Uno de los escenarios que más debate ha suscitado es la terminación del contrato por mutuo acuerdo cuando el trabajador presenta una condición de salud que, en principio, podría dar lugar a la aplicación del fuero de salud. En estos casos, suele plantearse la inquietud sobre si este tipo de acuerdos resultan válidos o si, por el contrario, se consideran ineficaces por el solo hecho de existir una afectación médica o, por versar sobre derechos ciertos e indiscutibles.
Sobre este punto, recientemente la Sala de Casación Laboral de la Corte Suprema de Justicia se pronunció en una sentencia de especial relevancia, en la cual analizó un caso en el que un trabajador alegaba que la terminación de su contrato, formalizada mediante un acuerdo transaccional, debía declararse inválida por encontrarse en una situación de debilidad manifiesta derivada de una condición de salud mental. El demandante sostenía que dicha circunstancia hacía improcedente cualquier forma de terminación distinta a la autorizada previamente por el Ministerio del Trabajo. Al estudiar el asunto, la Corte partió de una premisa fundamental: la estabilidad laboral reforzada no constituye un derecho absoluto ni implica, de manera automática, la imposibilidad de finalizar una relación laboral. Por el contrario, su finalidad es evitar que la terminación del vínculo obedezca a motivos discriminatorios relacionados directamente con la condición de salud del trabajador. En ese sentido, la Corte reiteró que el mutuo acuerdo sigue siendo una modalidad válida de terminación del contrato, siempre que la voluntad del trabajador sea libre, consciente y no se encuentre viciada.

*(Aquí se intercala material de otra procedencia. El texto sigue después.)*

(* Let $\mathbf{F}\in[L^2(\mathbb{R}^2)]^2$ be supported in the bounded domain $\Omega$. Let $\tau_1\in\mathbb{C}\setminus\{0\}$, let $\mathbf{z}_0\neq\mathbf{z}_1$ be two points in $\mathbb{R}^2\setminus\overline{\Omega}$, and fix $\mathbf{q}\in\mathbb{S}$. Then $\mathbf{F}$ is uniquely determined (among sources supported in $\Omega$) by the two phaseless data sets $$\mathcal{B}_p=\{|u^\infty_{\mathbf{F}\cup\{\mathbf{z}\},p}(\hat{\mathbf{x}},\mathbf{q},\omega,\tau)|:\ \hat{\mathbf{x}}\in\mathbb{S}_{\mathbf{q}},\ \omega\in\mathbb{W},\ \tau\in\{0,\tau_1\},\ \mathbf{z}\in\{\mathbf{z}_0,\mathbf{z}_1\}\}$$ and $$\mathcal{B}_s=\{|u^\infty_{\mathbf{F}\cup\{\mathbf{z}\},s}(\hat{\mathbf{x}},\mathbf{q},\omega,\tau)|:\ \hat{\mathbf{x}}\in\mathbb{S}^\perp_{\mathbf{q}},\ \omega\in\mathbb{W},\ \tau\in\{0,\tau_1\},\ \mathbf{z}\in\{\mathbf{z}_0,\mathbf{z}_1\}\}.$$
   Context: $\mathbb{W}=(\omega_{min},\omega_{max})$, $0<\omega_{min}<\omega_{max}$; Lamé constants $\mu>0$, $2\mu+\lambda>0$; $k_p=\omega/\sqrt{\lambda+2\mu}$, $k_s=\omega/\sqrt\mu$. $\mathbb{S}$ is the unit circle; $\hat{\mathbf{x}}^\perp$ is $\hat{\mathbf{x}}$ rotated anticlockwise by $\pi/2$. $\mathbb{S}_{\mathbf{q}}=\{\hat{\mathbf{x}}\in\mathbb{S}:\mathbf{q}\cdot\hat{\mathbf{x}}\ge 1/2\}$, $\mathbb{S}^\perp_{\mathbf{q}}=\{\hat{\mathbf{x}}\in\mathbb{S}:\mathbf{q}\cdot\hat{\mathbf{x}}^\perp\ge 1/2\}$. Source far fields: $u^\infty_{\mathbf{F},p}(\hat{\mathbf{x}},\omega)=\int_{\mathbb{R}^2}e^{-ik_p\hat{\mathbf{x}}\cdot\mathbf{y}}\hat{\mathbf{x}}\cdot\mathbf{F}(\mathbf{y})d\mathbf{y}$, $u^\infty_{\mathbf{F},s}(\hat{\mathbf{x}},\omega)=\int_{\mathbb{R}^2}e^{-ik_s\hat{\mathbf{x}}\cdot\mathbf{y}}\hat{\mathbf{x}}^\perp\cdot\mathbf{F}(\mathbf{y})d\mathbf{y}$. With an added point source at $\mathbf{z}$ of strength $\tau$ and polarization $\mathbf{q}$, the far fields are $u^\infty_{\mathbf{F}\cup\{\mathbf{z}\},p}(\hat{\mathbf{x}},\mathbf{q},\omega,\tau)=u^\infty_{\mathbf{F},p}(\hat{\mathbf{x}},\omega)+\tau e^{-ik_p\hat{\mathbf{x}}\cdot\mathbf{z}}\,\mathbf{q}\cdot\hat{\mathbf{x}}$ and $u^\infty_{\mathbf{F}\cup\{\mathbf{z}\},s}(\hat{\mathbf{x}},\mathbf{q},\omega,\tau)=u^\infty_{\mathbf{F},s}(\hat{\mathbf{x}},\omega)+\tau e^{-ik_s\hat{\mathbf{x}}\cdot\mathbf{z}}\,\mathbf{q}\cdot\hat{\mathbf{x}}^\perp$. *)

theory Defs
  imports "HOL-Analysis.Analysis"
begin

definition perp2 :: "real^2 \<Rightarrow> real^2" where
  "perp2 x = vector [- (x$2), x$1]"

definition cdot :: "real^2 \<Rightarrow> complex^2 \<Rightarrow> complex" where
  "cdot x v = of_real (x$1) * v$1 + of_real (x$2) * v$2"

definition unit_circle :: "(real^2) set" where
  "unit_circle = {x. norm x = 1}"

definition S_q :: "real^2 \<Rightarrow> (real^2) set" where
  "S_q q = {x \<in> unit_circle. q \<bullet> x \<ge> 1/2}"

definition S_q_perp :: "real^2 \<Rightarrow> (real^2) set" where
  "S_q_perp q = {x \<in> unit_circle. q \<bullet> perp2 x \<ge> 1/2}"

definition k_p :: "real \<Rightarrow> real \<Rightarrow> real \<Rightarrow> real" where
  "k_p lam mu \<omega> = \<omega> / sqrt (lam + 2 * mu)"

definition k_s :: "real \<Rightarrow> real \<Rightarrow> real" where
  "k_s mu \<omega> = \<omega> / sqrt mu"
(* Let $X,Y\subset\mathbf{N}$ be two $n$-element sets, $f:X\to Y$ a bijection, and $\pi\in S_n$ the permutation order-isomorphic to $f$. Suppose $\pi\in H_k^+\cup H_k^-$ for some $k\in\mathbf{N}$. Then every partition of $X$ into intervals $J_1<J_2<\dots<J_r$ can be refined by a partition of $X$ into intervals $I_1<I_2<\dots<I_s$ such that $s\le r+(k-1)(r-1)$ and each image $f(I_i)$ is an interval in $Y$. Similarly, every partition of $Y$ into $r$ intervals can be refined by a partition of $Y$ into at most $r+(k-1)(r-1)$ intervals each of which is mapped by $f^{-1}$ onto an interval in $X$.
   Context: For $X=\{x_1<\dots<x_n\}$ and $Y=\{y_1<\dots<y_n\}$, the permutation $\pi\in S_n$ order-isomorphic to a bijection $f:X\to Y$ is defined by $\pi(i)=j\Leftrightarrow f(x_i)=y_j$. An interval in $X$ is a set $\{x_i,x_{i+1},\dots,x_j\}$ with $1\le i\le j\le n$; for sets $A<B$ means $a<b$ for all $a\in A,b\in B$. For $\sigma\in S_n,\tau\in S_m$, $\sigma\oplus\tau\in S_{n+m}$ equals $\sigma(i)$ at $i\le n$ and $n+\tau(i-n)$ at $i>n$; $\sigma\ominus\tau$ equals $m+\sigma(i)$ at $i\le n$ and $\tau(i-n)$ at $i>n$. A permutation is up-indecomposable (down-indecomposable) if it is not $\sigma\oplus\tau$ (not $\sigma\ominus\tau$) with $\sigma,\tau$ nonempty. Every $\pi$ has a unique decomposition $\pi=\sigma_1\oplus\dots\oplus\sigma_r$ into up-indecomposable blocks; $h^+(\pi)$ is the maximum block length; $h^-$ is defined analogously with $\ominus$. $H_k^+=\{\pi:h^+(\pi)<k\}$, $H_k^-=\{\pi:h^-(\pi)<k\}$. *)

theory Defs
  imports Main
begin

text \<open>Permutations of length n are lists that enumerate {1..n} in one-line notation.\<close>

definition is_perm :: "nat list \<Rightarrow> bool" where
  "is_perm p \<longleftrightarrow> distinct p \<and> set p = {1..length p}"

definition oplus :: "nat list \<Rightarrow> nat list \<Rightarrow> nat list" where
  "oplus s t = s @ map (\<lambda>x. x + length s) t"

definition ominus :: "nat list \<Rightarrow> nat list \<Rightarrow> nat list" where
  "ominus s t = map (\<lambda>x. x + length t) s @ t"

definition up_indec :: "nat list \<Rightarrow> bool" where
  "up_indec p \<longleftrightarrow> is_perm p \<and>
     \<not> (\<exists>s t. is_perm s \<and> is_perm t \<and> s \<noteq> [] \<and> t \<noteq> [] \<and> p = oplus s t)"

definition down_indec :: "nat list \<Rightarrow> bool" where
  "down_indec p \<longleftrightarrow> is_perm p \<and>
     \<not> (\<exists>s t. is_perm s \<and> is_perm t \<and> s \<noteq> [] \<and> t \<noteq> [] \<and> p = ominus s t)"

text \<open>Decomposition into nonempty indecomposable blocks (unique).\<close>

definition up_decomp :: "nat list \<Rightarrow> nat list list \<Rightarrow> bool" where
  "up_decomp p bs \<longleftrightarrow> (\<forall>b\<in>set bs. b \<noteq> [] \<and> up_indec b) \<and> foldr oplus bs [] = p"

definition down_decomp :: "nat list \<Rightarrow> nat list list \<Rightarrow> bool" where
  "down_decomp p bs \<longleftrightarrow> (\<forall>b\<in>set bs. b \<noteq> [] \<and> down_indec b) \<and> foldr ominus bs [] = p"

definition h_plus :: "nat list \<Rightarrow> nat" where
  "h_plus p = Max (length ` set (THE bs. up_decomp p bs))"

definition h_minus :: "nat list \<Rightarrow> nat" where
  "h_minus p = Max (length ` set (THE bs. down_decomp p bs))"
lemma kernel_pairs_bool_words_Suc:
  assumes "0 < m"
  shows "kernel_pairs (bool_words (Suc s) m) bubble_pass =
      map_prod (Cons False) (Cons False) ` kernel_pairs (bool_words s m) bubble_pass
    \<union> (\<lambda>v. (True # v, True # v)) ` bool_words (Suc s) (m - 1)
    \<union> (\<lambda>v. (False # v, True # butlast (False # bubble_pass v))) ` bool_words s m
    \<union> (\<lambda>v. (True # butlast (False # bubble_pass v), False # v)) ` bool_words s m"
  (is "?K = _")
proof (rule equalityI[OF kernel_pairs_bool_words_Suc_subset[OF assms]], rule subsetI)
  have partner: "bubble_pass (False # v) = bubble_pass (True # butlast (False # bubble_pass v))"
    and False_Cons: "False # v \<in> bool_words (Suc s) m"
    and True_Cons: "True # butlast (False # bubble_pass v) \<in> bool_words (Suc s) m"
    if "v \<in> bool_words s m" for v
  proof -
    show partner: "bubble_pass (False # v) = bubble_pass (True # butlast (False # bubble_pass v))"
      using bubble_pass_False_Cons_eq_True_Cons_iff[OF True_in_set_if_mem_bool_words[OF that assms]]
      by blast
    show "False # v \<in> bool_words (Suc s) m"
      using that by simp
    then show "True # butlast (False # bubble_pass v) \<in> bool_words (Suc s) m"
      using bubble_pass_eq_imp_mem_bool_words_iff[OF partner] by blast
  qed
  fix p assume "p \<in> map_prod (Cons False) (Cons False) ` kernel_pairs (bool_words s m) bubble_pass
    \<union> (\<lambda>v. (True # v, True # v)) ` bool_words (Suc s) (m - 1)
    \<union> (\<lambda>v. (False # v, True # butlast (False # bubble_pass v))) ` bool_words s m
    \<union> (\<lambda>v. (True # butlast (False # bubble_pass v), False # v)) ` bool_words s m"
  then show "p \<in> ?K"
  proof (elim UnE imageE)
    fix q assume "q \<in> kernel_pairs (bool_words s m) bubble_pass"
      and "p = map_prod (Cons False) (Cons False) q"
    then show ?thesis
      by (auto simp: kernel_pairs_def bubble_pass_False_Cons)
  next
    fix v assume "v \<in> bool_words (Suc s) (m - 1)" "p = (True # v, True # v)"
    then show ?thesis
      using assms by (simp add: kernel_pairs_def)
  next
    fix v assume "v \<in> bool_words s m" "p = (False # v, True # butlast (False # bubble_pass v))"
    then show ?thesis
      using kernel_pairsI[OF False_Cons True_Cons partner] by simp
  next
    fix v assume "v \<in> bool_words s m" "p = (True # butlast (False # bubble_pass v), False # v)"
    then show ?thesis
      using kernel_pairsI[OF True_Cons False_Cons partner[symmetric]] by simp
  qed
qed

lemma card_kernel_pairs_bool_words_Suc:
  assumes "0 < m"
  shows "card (kernel_pairs (bool_words (Suc s) m) bubble_pass) =
    card (kernel_pairs (bool_words s m) bubble_pass) + card (bool_words (Suc s) (m - 1))
      + card (bool_words s m) + card (bool_words s m)"
  unfolding kernel_pairs_bool_words_Suc[OF assms]
  by (subst card_Un_disjoint card_image;
      auto simp: inj_on_def finite_bool_words finite_kernel_pairs)+

lemma card_kernel_pairs_bool_words:
  assumes "0 < m"
  shows "real (card (kernel_pairs (bool_words s m) bubble_pass)) =
    (2 * real s / (real m + 1) + 1) * real (card (bool_words s m))"
proof (induction s)
  case 0
  have "kernel_pairs (bool_words 0 m) bubble_pass = {(replicate m True, replicate m True)}"
    by (auto simp: kernel_pairs_def bool_words_def permutations_of_multiset_replicate_mset)
  then show ?case
    by (simp add: bool_words_def permutations_of_multiset_replicate_mset)
next
  case (Suc s)
  let ?n = "real s + 1 + real m"
  define N where "N = real (card (bool_words (Suc s) m))"
  have "real (Suc s * card (bool_words (Suc s) m)) = real ((Suc s + m) * card (bool_words s m))"
    by (simp only: card_bool_words_Suc_False)
  then have c: "real (card (bool_words s m)) = (real s + 1) * N / ?n"
    unfolding N_def by (simp add: field_simps)
  have "real (m * card (bool_words (Suc s) m)) =
      real ((Suc s + m) * card (bool_words (Suc s) (m - 1)))"
    using card_bool_words_Suc_True[where s = "Suc s" and m = "m - 1"] assms by simp
  then have d: "real (card (bool_words (Suc s) (m - 1))) = real m * N / ?n"
    unfolding N_def by (simp add: field_simps)
  have "real (card (kernel_pairs (bool_words (Suc s) m) bubble_pass)) =
      (2 * real s / (real m + 1) + 1) * ((real s + 1) * N / ?n) + real m * N / ?n
        + 2 * ((real s + 1) * N / ?n)"
    using Suc card_kernel_pairs_bool_words_Suc[OF assms, of s] c d by simp
  also have "\<dots> = (2 * real (Suc s) / (real m + 1) + 1) * N"
    by (simp add: divide_simps) algebra
  finally show ?case
    unfolding N_def .
qed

Así mismo, la Corte precisó que no toda condición médica activa de forma inmediata la protección reforzada. Para que esta opere, es necesario acreditar que la afectación de salud genera una limitación relevante en el desempeño laboral y que, además, la terminación del contrato tenga una relación causal directa con dicha condición. La sola existencia de diagnósticos médicos, sin incapacidades, restricciones funcionales o evidencia de afectación sustancial, no resulta suficiente para desvirtuar la validez de un acuerdo de terminación.
Otro aspecto relevante abordado por la Corte fue la capacidad jurídica de las personas con condiciones de salud mental para celebrar acuerdos. Al respecto, señaló que asumir que estas personas carecen de la posibilidad de manifestar válidamente su voluntad implicaría desconocer su autonomía y dignidad, además de contradecir los principios consagrados en la Ley 1996 de 2019. En consecuencia, la Corte fue clara en indicar que la existencia de una condición de salud no invalida, por sí sola, la suscripción de un acuerdo transaccional.
Desde Scola Abogados consideramos que este pronunciamiento aporta claridad a una discusión frecuente en la gestión laboral empresarial. La jurisprudencia de la Corte Suprema de Justicia reafirma que los acuerdos de terminación por mutuo consentimiento son jurídicamente viables, incluso en contextos de posibles fueros de salud, siempre que no se utilicen como un mecanismo para encubrir despidos discriminatorios y que se garantice plenamente el consentimiento informado del trabajador.
Aunque, como es sabido, cada caso debe analizarse de manera particular, este criterio jurisprudencial constituye una guía relevante para estructurar procesos de terminación ajustados a derecho, reduciendo riesgos y fortaleciendo la seguridad jurídica tanto para empleadores como para trabajadores.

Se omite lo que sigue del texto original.